Santri, Elit Bisnis, dan Strategi Kuasa Lunak Tiongkok

Santri, Elit Bisnis, dan Strategi Kuasa Lunak Tiongkok

Pada tanggal 31 Agustus 2023, FSI mengadakan seminar yang bertajuk “Santri, Elit Bisnis, dan Strategi Kuasa Lunak Tiongkok.” Dalam seminar kali ini, FSI mengundang tiga orang pembicara, yakni Prof. Dr. Tajul Arifin, guru besar Universitas Islam Negeri Sunan Gunung Djati Bandung; Prof. Dr. Abdullah Dahana, pendiri Forum Sinologi Indonesia; dan Johanes Herlijanto, Ph.D, dosen Universitas Pelita Harapan sekaligus Ketua FSI.

Diskusi itu dibuka dengan sebuah pengantar yang disampaikan Profesor Dahana terkait upaya Tiongkok untuk menanamkan pengaruhnya di negara-negara lain. Upaya tersebut juga dilakukan Tiongkok di Indonesia dengan merangkul berbagai kelompok di Indonesia, seperti kelompok umat Islam dan komunitas bisnis, termasuk elit bisnis Tionghoa. 

Profesor Tajul menjelaskan usaha pendekatan Tiongkok terhadap kelompok umat Islam melalui pemberian beasiswa untuk belajar di Tiongkok. Dalam hal pemberian beasiswa yang terjadi saat ini, menurut Prof. Tajul, lebih terlihat sisi negatif dibandingkan positifnya. Hal ini dilihat oleh Prof. Tajul melalui perbedaan dalam pemberian beasiswa yang dilakukan Tiongkok dahulu dengan sekarang, terutama dari umur target penerima dan kompetisi beasiswa. Berbeda dengan dulu, beasiswa yang diberikan saat ini ditujukan kepada para santri yang baru saja lulus SMA (pendidikan formal dan jalur paket) dan tanpa adanya kompetisi. Hal ini membuat para santri menjadi mudah untuk dipengaruhi karena pondasi (cara berpikir, pengetahuan dasar, ilmu keagamaan, maupun kemampuan bahasa Mandarin) yang masih kurang. Secara khusus, kelemahan ini terlihat dalam program “santri untuk perdamaian dunia” yang diadakan pemerintah Tiongkok, dengan sebuah kunjungan ke Xinjiang (salah satu wilayah dengan mayoritas muslim terbesar di China), pandangan para santri terhadap kekejaman komunis dulu dapat berubah. Para santri itu kemudian tertarik dengan kehidupan masyarakat Tiongkok, mempertanyakan dan menyudutkan aspek-aspek tertentu, baik segi agama maupun nilai-nilai di Indonesia. Oleh karenanya, menurut Prof. Tajul, sangat penting untuk kita berjuang dan membantu menyadarkan kaum santri yang akan berangkat studi ke Tiongkok untuk perlu memiliki pegangan dan pondasi yang kuat sehingga tidak mudah terpengaruh dan menjadi korban. 

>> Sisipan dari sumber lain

(* Let $k$ be a positive integer and $G_1,\dots,G_m$ finite subgraphs of $\mathsf{Path}_{\mathbb Z}$ with $G_1\cup\dots\cup G_m=\mathsf{Path}_k$, and let $g:=\mathrm{gap}(G_1,\dots,G_m)$. Then there exists a shift permutation $\sigma$ of $[m]$ such that \[\vec\lambda(G_{\sigma(1)},\dots,G_{\sigma(m)})\ge\frac{g-\max\{\lambda(G_1),\dots,\lambda(G_m)\}}{2}.\]
   Context: Graphs are finite simple graphs without isolated vertices; $\emptyset$ is the empty graph. $\mathsf{Path}_{\mathbb Z}$ has vertex set $\mathbb Z$ and edges $\{i-1,i\}$; for integers $s<t$, $\mathsf{Path}_{s,t}$ has vertices $s,\dots,t$ and edges $\{i-1,i\}$, $s<i\le t$; $\mathsf{Path}_k=\mathsf{Path}_{0,k}$. $\Delta(G)$ = number of connected components; $\lambda(G)$ = maximum number of edges in a component ($0$ for $\emptyset$); $G\ominus F$ = union of components of $G$ sharing no vertex with $F$. $\vec\Delta(H_1,\dots,H_r)=\sum_l\Delta(H_l\ominus(H_1\cup\dots\cup H_{l-1}))$, $\vec\lambda(H_1,\dots,H_r)=\sum_l\lambda(H_l\ominus(H_1\cup\dots\cup H_{l-1}))$. A shift permutation is a permutation $\sigma$ of $[m]$ with $\sigma(j)\ge j-1$ for all $j$. Gap: let $c=\vec\Delta(G_1,\dots,G_m)$ and $0\le s_1<t_1<\dots<s_c<t_c\le k$ the integers with $\bigcup_{j=1}^m\big(G_j\ominus(G_1\cup\dots\cup G_{j-1})\big)=\bigcup_{i=1}^c\mathsf{Path}_{s_i,t_i}$; $\mathrm{gap}(G_1,\dots,G_m):=\max_{y\in[0,k]}\min_{i}\big|\frac{s_i+t_i}{2}-y\big|$. *)

theory Defs
  imports Complex_Main "HOL-Combinatorics.Permutations"
begin

text \<open>A graph without isolated vertices is represented by its edge set; an edge is a
  two-element set of vertices. Vertices are integers.\<close>

type_synonym graph = "int set set"

definition PathZ :: graph where
  "PathZ = {{i - 1, i} | i. True}"

definition Path_st :: "int \<Rightarrow> int \<Rightarrow> graph" where
  "Path_st s t = {{i - 1, i} | i. s < i \<and> i \<le> t}"

definition Path_k :: "nat \<Rightarrow> graph" where
  "Path_k k = Path_st 0 (int k)"

definition verts :: "graph \<Rightarrow> int set" where
  "verts E = \<Union>E"

definition adj :: "graph \<Rightarrow> int \<Rightarrow> int \<Rightarrow> bool" where
  "adj E u v \<longleftrightarrow> {u, v} \<in> E"

definition comps :: "graph \<Rightarrow> graph set" where
  "comps E = (\<lambda>v. {e \<in> E. \<forall>w\<in>e. (adj E)\<^sup>*\<^sup>* v w}) ` verts E"

definition Delta :: "graph \<Rightarrow> nat" where
  "Delta E = card (comps E)"

definition lam :: "graph \<Rightarrow> nat" where
  "lam E = Max (insert 0 (card ` comps E))"

definition ominus :: "graph \<Rightarrow> graph \<Rightarrow> graph" where
  "ominus G F = \<Union>{C \<in> comps G. verts C \<inter> verts F = {}}"

definition reduced :: "(nat \<Rightarrow> graph) \<Rightarrow> nat \<Rightarrow> graph" where
  "reduced H l = ominus (H l) (\<Union>j\<in>{1..<l}. H j)"

definition vDelta :: "(nat \<Rightarrow> graph) \<Rightarrow> nat \<Rightarrow> nat" where
  "vDelta H m = (\<Sum>l = 1..m. Delta (reduced H l))"

definition vlam :: "(nat \<Rightarrow> graph) \<Rightarrow> nat \<Rightarrow> nat" where
  "vlam H m = (\<Sum>l = 1..m. lam (reduced H l))"

definition shift_perm :: "nat \<Rightarrow> (nat \<Rightarrow> nat) \<Rightarrow> bool" where
  "shift_perm m \<sigma> \<longleftrightarrow> \<sigma> permutes {1..m} \<and> (\<forall>j\<in>{1..m}. \<sigma> j \<ge> j - 1)"

text \<open>Gap: the union of the reduced graphs is a disjoint union of paths
  Path_{s_i,t_i} (its components); gap = max over y in [0,k] of the distance from y
  to the nearest midpoint (s_i+t_i)/2.\<close>
definition midpt :: "graph \<Rightarrow> real" where
  "midpt C = (real_of_int (Min (verts C)) + real_of_int (Max (verts C))) / 2"

definition gap :: "nat \<Rightarrow> (nat \<Rightarrow> graph) \<Rightarrow> nat \<Rightarrow> real" where
  "gap k G m = (SUP y\<in>{0..real k}. INF C\<in>comps (\<Union>j\<in>{1..m}. reduced G j). \<bar>midpt C - y\<bar>)"

end

theory Submission
  imports Defs
begin

text \<open>Let \<open>R\<close> be the union of the reduced graphs and \<open>M n = best_vlam G n\<close> the largest
  value of \<open>vlam\<close> over shift permutations of \<open>[n]\<close>. If the vertex \<open>v\<close> first occurs in \<open>G T\<close>, some
  component \<open>C\<close> of \<open>R\<close> has \<open>|v - midpt C| \<le> M T + M (T - 1) + |C| / 2\<close>, by induction on \<open>T\<close>:
  if the component \<open>D\<close> of \<open>v\<close> in \<open>G T\<close> avoids all earlier graphs, it is itself a component
  of \<open>R\<close>; otherwise let \<open>G T'\<close> be the first earlier graph meeting \<open>D\<close>, at a vertex \<open>v'\<close>.
  Placing \<open>G T\<close> at position \<open>T'\<close>, behind an optimal order of \<open>G 1, \<dots>, G (T' - 1)\<close>, is a shift
  permutation that gains \<open>|D| \<ge> |v - v'|\<close>, so \<open>M (T' - 1) + |v - v'| \<le> M T\<close>, and
  \<open>M T' \<le> M (T - 1)\<close>. Rounding a point of \<open>[0, k]\<close> to a vertex then gives
  \<open>gap \<le> 2 M m + max \<lambda>(G j)\<close>.\<close>

definition component :: "graph \<Rightarrow> int \<Rightarrow> graph" where
  "component E v = {e \<in> E. \<forall>w\<in>e. (adj E)\<^sup>*\<^sup>* v w}"

lemma comps_eq: "comps E = component E ` verts E"
  by (simp add: comps_def component_def)

lemma component_in_comps: "x \<in> verts E \<Longrightarrow> component E x \<in> comps E"
  by (simp add: comps_eq)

Dalam hal penanaman pengaruh Tiongkok ke Indonesia, Johanes menjelaskan usaha Tiongkok melalui sebuah organisasi Departemen Kerja Front Persatuan (United Front Work Department / UFWD). Organisasi ini dibentuk sebagai alat untuk memperkuat pengaruh Tiongkok melalui kooptasi dan upaya-upaya penanaman pengaruh lainnya terhadap kelompok  tertentu (kelompok di luar partai komunis, partai-partai politik, komunitas diaspora, dan perusahaan-perusahaan multinasional), baik di dalam maupun luar negeri. Belakangan ini UFWD berfokus untuk merangkul kelompok diaspora Tionghoa, terutama kelompok elit dan mahasiswa, atas permintaan Presiden Xi Jinping. Johanes juga menjelaskan pendekatan ini dilakukan dengan harapan kelompok diaspora tersebut dapat bercerita tentang Tiongkok versi PKC (Partai Komunis China), pandangan dan kepentingan PKC, menjalin hubungan dengan para politisi, dan mempengaruhi kebijakan setempat. Di Indonesia, upaya UFWD ini dilakukan melalui berbagai cara, seperti kunjungan dengan organisasi bentukan Asosiasi Persahabatan Tionghoa Perantauan (Chinese Overseas Friendship Association). Johanes menutup dengan menjelaskan bahwa dalam beberapa studi, masyarakat Tionghoa-Indonesia (termasuk anak-anak muda) menolak dan tidak sependapat dengan upaya-upaya UFWD. Menurut Johanes, penerimaan upaya UFWD dapat memungkinkan terjadi hanya sebagai sebuah rasa hormat.